This program is intended to receive a text file with DOIs (after the user is successfully authenticated to DSpace) and it will try to extract each paper's metadata from Scopus, download their PDFs, and upload it to DSpace. The program has been proven to upload ~15 articles (metadata and PDF) in ~3 minutes.
Before running the program for the first time, open keys.py and edit the following:
- SCOPUS_KEY: Create and paste Scopus key.
- DSPACE_URL: The URL of the DSpace collection you want to upload to -- make sure to add
/rest/
at the end. - COLLECTION_URI: ID of the collection you want to upload items to. If you don't know the collection id, you can make a get request using Collections DSpace API.
Execute the followin command on the console (in the same folder you have the code):
pyinstaller upload_record.py -F
-
Run the program.
-
Log in to DSpace with email-password credentials.
-
The program will open a window and you need to browse and select a text file with the DOIs of the papers you want to upload to DSpace.

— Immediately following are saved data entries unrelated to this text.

text \<open>Every \<open>x \<in> left_sub e\<close> satisfies \<open>x \<cdot> t_letter e = t_letter e \<cdot> cross e x\<close> in the HNN
  extension, and \<open>cross e\<close> is an isomorphism from \<open>left_sub e\<close> onto \<open>right_sub e\<close>.\<close>

definition left_sub :: "bool \<Rightarrow> 'a set" where
  "left_sub e = (if e then \<phi> ` C else C)"

definition right_sub :: "bool \<Rightarrow> 'a set" where
  "right_sub e = (if e then C else \<phi> ` C)"

definition cross :: "bool \<Rightarrow> 'a \<Rightarrow> 'a" where
  "cross e = (if e then the_inv_into C \<phi> else \<phi>)"

lemma right_sub_Not [simp]: "right_sub (\<not> e) = left_sub e"
  and left_sub_Not [simp]: "left_sub (\<not> e) = right_sub e"
  by (simp_all add: left_sub_def right_sub_def)

lemma \<phi>_mult: "c \<in> C \<Longrightarrow> c' \<in> C \<Longrightarrow> \<phi> (c \<otimes> c') = \<phi> c \<otimes> \<phi> c'"
  using hom_\<phi> by (auto simp: hom_def)

lemma subgroup_\<phi>_image: "subgroup (\<phi> ` C) A"
proof -
  have "group_hom (A\<lparr>carrier := C\<rparr>) A \<phi>"
    using subgroup_imp_group[OF subgroup_C] hom_\<phi> is_group
    by (simp add: group_hom_def group_hom_axioms_def)
  then show ?thesis
    using group_hom.img_is_subgroup by fastforce
qed

lemma subgroup_left_sub: "subgroup (left_sub e) A"
  and subgroup_right_sub: "subgroup (right_sub e) A"
  using subgroup_C subgroup_\<phi>_image by (simp_all add: left_sub_def right_sub_def)

lemmas left_sub_carrier = subgroup.mem_carrier[OF subgroup_left_sub]
lemmas right_sub_carrier = subgroup.mem_carrier[OF subgroup_right_sub]

lemma cross_closed: "x \<in> left_sub e \<Longrightarrow> cross e x \<in> right_sub e"
  by (auto simp: left_sub_def right_sub_def cross_def the_inv_into_f_f[OF inj_\<phi>])

lemma cross_inverse: "x \<in> left_sub e \<Longrightarrow> cross (\<not> e) (cross e x) = x"
  by (auto simp: left_sub_def cross_def the_inv_into_f_f[OF inj_\<phi>])

lemma cross_mult:
  assumes "x \<in> left_sub e" "y \<in> left_sub e"
  shows "cross e (x \<otimes> y) = cross e x \<otimes> cross e y"
proof (cases e)
  case True
  then obtain c c' where "c \<in> C" "c' \<in> C" "x = \<phi> c" "y = \<phi> c'"
    using assms by (auto simp: left_sub_def)
  then show ?thesis
    using True subgroup.m_closed[OF subgroup_C]
    by (simp add: cross_def \<phi>_mult[symmetric] the_inv_into_f_f[OF inj_\<phi>])
qed (use assms in \<open>simp add: cross_def left_sub_def \<phi>_mult\<close>)

text \<open>A state \<open>(g, [(e\<^sub>k, r\<^sub>k), \<dots>, (e\<^sub>1, r\<^sub>1)])\<close> stands for
  \<open>r\<^sub>1 t\<^bsup>e\<^sub>1\<^esup> \<cdots> r\<^sub>k t\<^bsup>e\<^sub>k\<^esup> g\<close>, where \<open>r\<^sub>i\<close> is the chosen representative of its coset modulo
  \<open>left_sub e\<^sub>i\<close>; letters act by right multiplication.\<close>

definition act_t :: "bool \<Rightarrow> 'a \<times> (bool \<times> 'a) list \<Rightarrow> 'a \<times> (bool \<times> 'a) list" where
  "act_t e x = (case x of (g, ts) \<Rightarrow>
     if g \<in> left_sub e \<and> ts \<noteq> [] \<and> fst (hd ts) = (\<not> e) then (snd (hd ts) \<otimes> cross e g, tl ts)
     else let r = coset_rep (left_sub e) g in (cross e (inv r \<otimes> g), (e, r) # ts))"

fun act :: "'a letter \<Rightarrow> 'a \<times> (bool \<times> 'a) list \<Rightarrow> 'a \<times> (bool \<times> 'a) list" where
  "act T x = act_t True x"
| "act Tinv x = act_t False x"
| "act (L a) (g, ts) = (if a \<in> carrier A then (g \<otimes> a, ts) else (g, ts))"

lemma act_t_letter [simp]: "act (t_letter e) = act_t e"
  by (cases e) auto

lemma act_t_cancel: "g \<in> left_sub e \<Longrightarrow> act_t e (g, (\<not> e, r) # ts) = (r \<otimes> cross e g, ts)"
  by (simp add: act_t_def)

lemma act_t_push:
  "\<not> (g \<in> left_sub e \<and> ts \<noteq> [] \<and> fst (hd ts) = (\<not> e)) \<Longrightarrow>
    act_t e (g, ts) =
      (cross e (inv (coset_rep (left_sub e) g) \<otimes> g), (e, coset_rep (left_sub e) g) # ts)"
  unfolding act_t_def by (auto simp: Let_def)

fun valid_stack :: "(bool \<times> 'a) list \<Rightarrow> bool" where
  "valid_stack [] = True"
| "valid_stack ((e, r) # ts) \<longleftrightarrow> r \<in> carrier A \<and> coset_rep (left_sub e) r = r
     \<and> (r = \<one> \<longrightarrow> ts = [] \<or> fst (hd ts) = e) \<and> valid_stack ts"

definition valid_state :: "'a \<times> (bool \<times> 'a) list \<Rightarrow> bool" where
  "valid_state x \<longleftrightarrow> fst x \<in> carrier A \<and> valid_stack (snd x)"

lemma valid_act_t:
  assumes "valid_state x"
  shows "valid_state (act_t e x)"
proof -
  obtain g ts where x: "x = (g, ts)" by fastforce
  have g: "g \<in> carrier A" and ts: "valid_stack ts"
    using assms x by (auto simp: valid_state_def)
  show ?thesis
  proof (cases "g \<in> left_sub e \<and> ts \<noteq> [] \<and> fst (hd ts) = (\<not> e)")
    case True
    then obtain r ts' where "ts = (\<not> e, r) # ts'" by (cases ts) auto
    then show ?thesis
      using True ts x right_sub_carrier[OF cross_closed]
      by (simp add: act_t_cancel valid_state_def)
  next
    case False
    let ?r = "coset_rep (left_sub e) g"
    have "cross e (inv ?r \<otimes> g) \<in> carrier A"
      using right_sub_carrier[OF cross_closed[OF coset_rep_inv_mult[OF subgroup_left_sub g]]] .
    moreover have "?r = \<one> \<longrightarrow> ts = [] \<or> fst (hd ts) = e"
      using False coset_rep_eq_one_iff[OF subgroup_left_sub g] by auto
    ultimately show ?thesis
      using False x ts coset_rep_closed[OF subgroup_left_sub g]
        coset_rep_idem[OF subgroup_left_sub g]
      by (simp add: act_t_push valid_state_def)
  qed
qed

lemma valid_act:
  assumes "valid_state x"
  shows "valid_state (act l x)"
proof (cases l rule: letter_cases)
  case (L a)
  then show ?thesis using assms by (cases x) (simp add: valid_state_def)
qed (simp add: valid_act_t assms)

lemma valid_fold_act: "valid_state x \<Longrightarrow> valid_state (fold act u x)"
  by (induction u arbitrary: x) (auto simp: valid_act)

lemma act_t_inverse:
  assumes "valid_state x"
  shows "act_t (\<not> e) (act_t e x) = x"
proof -
  obtain g ts where x: "x = (g, ts)" by fastforce
  have g: "g \<in> carrier A" and ts: "valid_stack ts"
    using assms x by (auto simp: valid_state_def)
  show ?thesis
  proof (cases "g \<in> left_sub e \<and> ts \<noteq> [] \<and> fst (hd ts) = (\<not> e)")
    case True
    then obtain r ts' where ts_eq: "ts = (\<not> e, r) # ts'" by (cases ts) auto
    have r: "r \<in> carrier A" "coset_rep (right_sub e) r = r"
      "r = \<one> \<longrightarrow> ts' = [] \<or> fst (hd ts') = (\<not> e)"
      using ts ts_eq by auto
    have cg: "cross e g \<in> right_sub e"
      using True cross_closed by blast
    have rep: "coset_rep (right_sub e) (r \<otimes> cross e g) = r"
      using coset_rep_mult[OF subgroup_right_sub r(1) cg] r(2) by simp
    have "r \<otimes> cross e g \<in> carrier A"
      using r(1) right_sub_carrier[OF cg] by simp
    then have "r \<otimes> cross e g \<in> right_sub e \<longleftrightarrow> r = \<one>"
      using coset_rep_eq_one_iff[OF subgroup_right_sub] rep by metis
    then have "act_t (\<not> e) (r \<otimes> cross e g, ts')
        = (cross (\<not> e) (inv r \<otimes> (r \<otimes> cross e g)), (\<not> e, r) # ts')"
      using act_t_push[of "r \<otimes> cross e g" "\<not> e" ts'] rep r(3) by auto
    also have "\<dots> = x"
      using x ts_eq True r(1) right_sub_carrier[OF cg] cross_inverse
      by (simp add: m_assoc[symmetric])
    finally show ?thesis
      using True x ts_eq by (simp add: act_t_cancel)
  next
    case False
    let ?r = "coset_rep (left_sub e) g"
    have "cross e (inv ?r \<otimes> g) \<in> left_sub (\<not> e)"
      using cross_closed[OF coset_rep_inv_mult[OF subgroup_left_sub g]] by simp
    then have "act_t (\<not> e) (act_t e x) = (?r \<otimes> cross (\<not> e) (cross e (inv ?r \<otimes> g)), ts)"
      using False x act_t_cancel[of _ "\<not> e"] by (simp add: act_t_push)
    also have "\<dots> = x"
      using x g coset_rep_closed[OF subgroup_left_sub g] coset_rep_inv_mult[OF subgroup_left_sub g]
      by (simp add: cross_inverse m_assoc[symmetric])
    finally show ?thesis .
  qed
qed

- You can either store DOIs in the text file as an actionable link or just the DOI.
-
Read the report the program generates to see if all the papers were uploaded successfully or if you need to manually add any metadata or PDFs
- Dspace --> Upload papper's metadata and PDF
- Scopus --> Extract paper's metadata
- Unpaywall --> Obtain paper's PDF link
- Title
- Creator/Author
- Abstract
- Language
- Date Issued (Year)
- Identifier.URI (DOI)
- Subject (Keywords)
- Description (License)
- Type
- Citation (created by the program following APA 7th edition standards)
Once the program obtains and validates user's credentials and the DOIs file:
-
Search if DOI is available through Scopus.
- If it is, get its ScopusID.
- If it isn't skip the DOI, notify the user, and continue with the next one.
-
Extract paper's metadata using ScopusID.
-
Call Unpaywall (using paper's DOI and user email), obtain PDF link, and download it.
- Notify the user if there was an error downloading PDFs.
-
Upload new items to DSpace using the gathered metadata, PDF, and user's credentials.
- Notify the user if there were any errors.
- Metadata depends on Scopus
- PDFs are ~75%-85% reliable for download: PDFs links come from Unpaywall (sometimes they don't have links for papers) and some publisher's websites don't allow requests that come from a program.